Going for a very overdone eight-bit art style, Peasant Knight’s presentation is unfortunately on the low end of the spectrum, with little in the way of anything worth nothing. The spritework looks generic, the music is obnoxious and the level designs are almost all straight lines with little of note save for a change to icy terrain halfway through the game.


Peasant Knight is an autorunner that’s pretty self-explanatory. You automatically run and can jump with the X button, while also being able to stop yourself by pressing up on the d-pad.
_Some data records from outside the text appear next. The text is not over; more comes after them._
(* Two pairs of increasing arithmetic progressions $(\alpha n+\beta,\ \gamma m+\delta)$ and $(\tilde\alpha n+\tilde\beta,\ \tilde\gamma m+\tilde\delta)$ (indices $n,m\in\mathbb N$) with irrational relative densities are topologically equivalent at $+\infty$ if and only if $$\frac{\alpha}{\gamma}=\frac{\tilde\alpha}{\tilde\gamma}\quad\text{and}\quad \frac{\beta-\delta}{\gamma}\equiv\frac{\tilde\beta-\tilde\delta}{\tilde\gamma}\pmod{\bigl(1,\tfrac{\alpha}{\gamma}\bigr)},$$ the latter meaning that the difference lies in the additive subgroup of $\mathbb R$ generated by $1$ and $\alpha/\gamma$.
   Context: For a pair of arithmetic progressions $(\alpha n+\beta,\ \gamma m+\delta)$ the relative density is $A=\alpha/\gamma$ and the normalized difference of the free terms is $\tau=(\beta-\delta)/\gamma$. Two pairs of sequences on the real line are topologically equivalent at $+\infty$ if there is a homeomorphism of the line defined in a neighborhood of $+\infty$ which maps the first sequence of the first pair to the first sequence of the second pair and the second sequence of the first pair to the second sequence of the second pair. *)

theory Defs
  imports "HOL-Analysis.Analysis"
begin

definition AP :: "real \<Rightarrow> real \<Rightarrow> real set" where
  "AP a b = range (\<lambda>n::nat. a * real n + b)"

definition top_equiv_at_top :: "real set \<Rightarrow> real set \<Rightarrow> real set \<Rightarrow> real set \<Rightarrow> bool" where
  "top_equiv_at_top A B A' B' \<longleftrightarrow>
     (\<exists>R R' h g. homeomorphism {R<..} {R'<..} h g \<and> filterlim h at_top at_top \<and>
        h ` (A \<inter> {R<..}) = A' \<inter> {R'<..} \<and> h ` (B \<inter> {R<..}) = B' \<inter> {R'<..})"

definition subgrp_1 :: "real \<Rightarrow> real set" where
  "subgrp_1 a = {of_int k + of_int l * a | k l. True}"

end

theory Submission
  imports Defs
begin

(* An increasing homeomorphism between neighbourhoods of +infinity must send the n-th term
   of each tail to the n-th term of the corresponding tail, so it preserves the interleaving
   pattern of the two progressions. After normalising by gamma, this pattern is the set of
   lattice points (n, m) lying below the line m = (alpha/gamma) n + s, where
   s = tau + (alpha/gamma) N - M for some index shifts N, M. For an irrational slope this
   set determines the line: a different slope is detected by lattice points far out, and
   a different offset by an integer between two parallel lines, which exists by Kronecker's
   density theorem. Conversely, if the invariants agree, the affine map x |-> c x + d with
   c = gamma'/gamma maps both progressions, up to index shifts, onto the other pair. *)

lemma homeomorphism_at_top_imp_strict_mono_on:
  fixes h g :: "real \<Rightarrow> real"
  assumes hom: "homeomorphism {R<..} {R'<..} h g" and lim: "filterlim h at_top at_top"
  shows "strict_mono_on {R<..} h"
proof -
  have "inj_on h {R<..}" "continuous_on {R<..} h"
    using hom by (auto simp: homeomorphism_def intro: inj_on_inverseI)
  then have "strict_mono_on {R<..} h \<or> strict_antimono_on {R<..} h"
    by (simp add: injective_eq_monotone_map)
  moreover have "\<not> strict_antimono_on {R<..} h"
  proof
    assume anti: "strict_antimono_on {R<..} h"
    have "eventually (\<lambda>z. h (R + 1) < h z) at_top"
      using lim by (simp add: filterlim_at_top_dense)
    moreover have "eventually (\<lambda>z. h z < h (R + 1)) at_top"
      using eventually_gt_at_top[of "R + 1"] by eventually_elim (use anti in \<open>auto simp: monotone_on_def\<close>)
    ultimately have "eventually (\<lambda>_. False) (at_top :: real filter)"
      by eventually_elim auto
    then show False by simp
  qed
  ultimately show ?thesis by blast
qed

lemma strict_mono_eq_add_if_range_atLeast:
  fixes \<sigma> :: "nat \<Rightarrow> nat"
  assumes mono: "strict_mono \<sigma>" and range: "range \<sigma> = {k..}"
  shows "\<sigma> n = k + n"
proof (induction n)
  case 0
  obtain i where "\<sigma> i = k" using range by (metis atLeast_iff order.refl rangeE)
  moreover have "\<sigma> 0 \<le> \<sigma> i" using mono by (simp add: strict_mono_less_eq)
  moreover have "\<sigma> 0 \<ge> k" using range by auto
  ultimately show ?case by simp
next
  case (Suc n)
  obtain i where i: "\<sigma> i = k + Suc n" using range by (metis atLeast_iff le_add1 rangeE)
  then have "n < i" using Suc mono by (metis add_Suc_right lessI strict_mono_less)
  then have "\<sigma> (Suc n) \<le> \<sigma> i" using mono by (simp add: strict_mono_less_eq)
  moreover have "\<sigma> n < \<sigma> (Suc n)" using mono by (simp add: strict_mono_Suc_iff)
  ultimately show ?case using i Suc by simp
qed

lemma strict_mono_on_image_tail_eq_shift:
  fixes f :: "nat \<Rightarrow> 'a::linorder" and f' :: "nat \<Rightarrow> 'b::linorder"
  assumes h: "strict_mono_on S h" and f: "strict_mono f" and f': "strict_mono f'"
    and tail: "f ` {N..} \<subseteq> S" and img: "h ` f ` {N..} = f' ` {N'..}"
  shows "h (f (N + j)) = f' (N' + j)"
proof -
  define \<sigma> where "\<sigma> j = inv f' (h (f (N + j)))" for j
  have inj: "inj f'" using f' by (rule strict_mono_imp_inj_on)
  have \<sigma>: "f' (\<sigma> j) = h (f (N + j)) \<and> \<sigma> j \<ge> N'" for j
  proof -
    have "h (f (N + j)) \<in> f' ` {N'..}" unfolding img[symmetric] by auto
    then obtain n where "n \<ge> N'" "h (f (N + j)) = f' n" by auto
    then show ?thesis by (simp add: \<sigma>_def inv_f_f[OF inj])
  qed
  have "strict_mono \<sigma>"
  proof (rule strict_monoI)
    fix i j :: nat assume "i < j"
    then have "h (f (N + i)) < h (f (N + j))"
      using tail by (intro strict_mono_onD[OF h]) (auto simp: strict_mono_less[OF f])
    then show "\<sigma> i < \<sigma> j" using \<sigma> by (metis strict_mono_less[OF f'])
  qed
  moreover have "range \<sigma> = {N'..}"
  proof
    show "range \<sigma> \<subseteq> {N'..}" using \<sigma> by auto
    show "{N'..} \<subseteq> range \<sigma>"
    proof
      fix n assume "n \<in> {N'..}"
      then have "f' n \<in> h ` f ` {N..}" unfolding img by auto
      then obtain m where "m \<ge> N" "f' n = h (f m)" by auto
      then have "\<sigma> (m - N) = n" by (metis \<sigma>_def inv_f_f[OF inj] le_add_diff_inverse)
      then show "n \<in> range \<sigma>" by blast
    qed
  qed
  ultimately have "\<sigma> j = N' + j" by (rule strict_mono_eq_add_if_range_atLeast)
  then show ?thesis using \<sigma> by metis
qed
Besides the option to restart using the triangle button, that’s the entire game’s control scheme, and the game is just as simple as the controls.


The main goal of each stage is to carefully avoid all the obstacles and make it to a portal at the end. At first the game starts off simple, as it should, before it gradually throws more obstacles at you. Enemies, false portals, fire pillars, among many other hazards will stand in your way, along with a persistent one in the form of thunder that will strike the knight if he takes too long on a stage.


With such a simple control scheme, there’s really little these hazards offer outside of throwing another hurdle to jump over or avoid carefully, for the actual levels don’t offer much besides going one direction and reaching the goal. Sometimes you’ll be sent backwards and have to think of a clever path upwards, but mostly you’ll just be stuck on boring linear paths with little of importance.


I kept on playing and playing until stage fifty or so to see if the levels would do anything cool or interesting, but outside of some annoying segments with moving platforms and the introduction of ice halfway through the game, there was nothing that kept my interest save for some boss battles where you have to loop around the stage a few times to “beat” them, and even these aren’t that interesting enough to make me want to play much further.


In conclusion, Peasant Knight is a boring, generic mess that didn’t really engage or entertain in any way. There is a local multiplayer mode, but I was so bored with the single player mode that I didn’t want to put my best friend through sleep-inducing gameplay to make an effort at it. Considering how the platinum trophy for this game can be earned by only beating half of the game (even though the overall game isn’t too terribly long and it wouldn’t have hurt to make it actually require 100% completion), it also feels as if the publisher wants you to run away from this mess, and I feel that if the levels were a lot crazier and had some cooler obstacles like in the Runner games, or if they were more than straight lines, the game would have been a lot better, but in the end I feel that you could get a much better experience out of a title like Runner 3 instead.

Somehow, despite the low price and easy platinum, this was a game that made me feel just as empty as the moments before I even opened it for the first time, and that’s pretty sad considering how many simple yet fun autorunners exist in this crowded market.

I give Peasant Knight a 3 out of 10.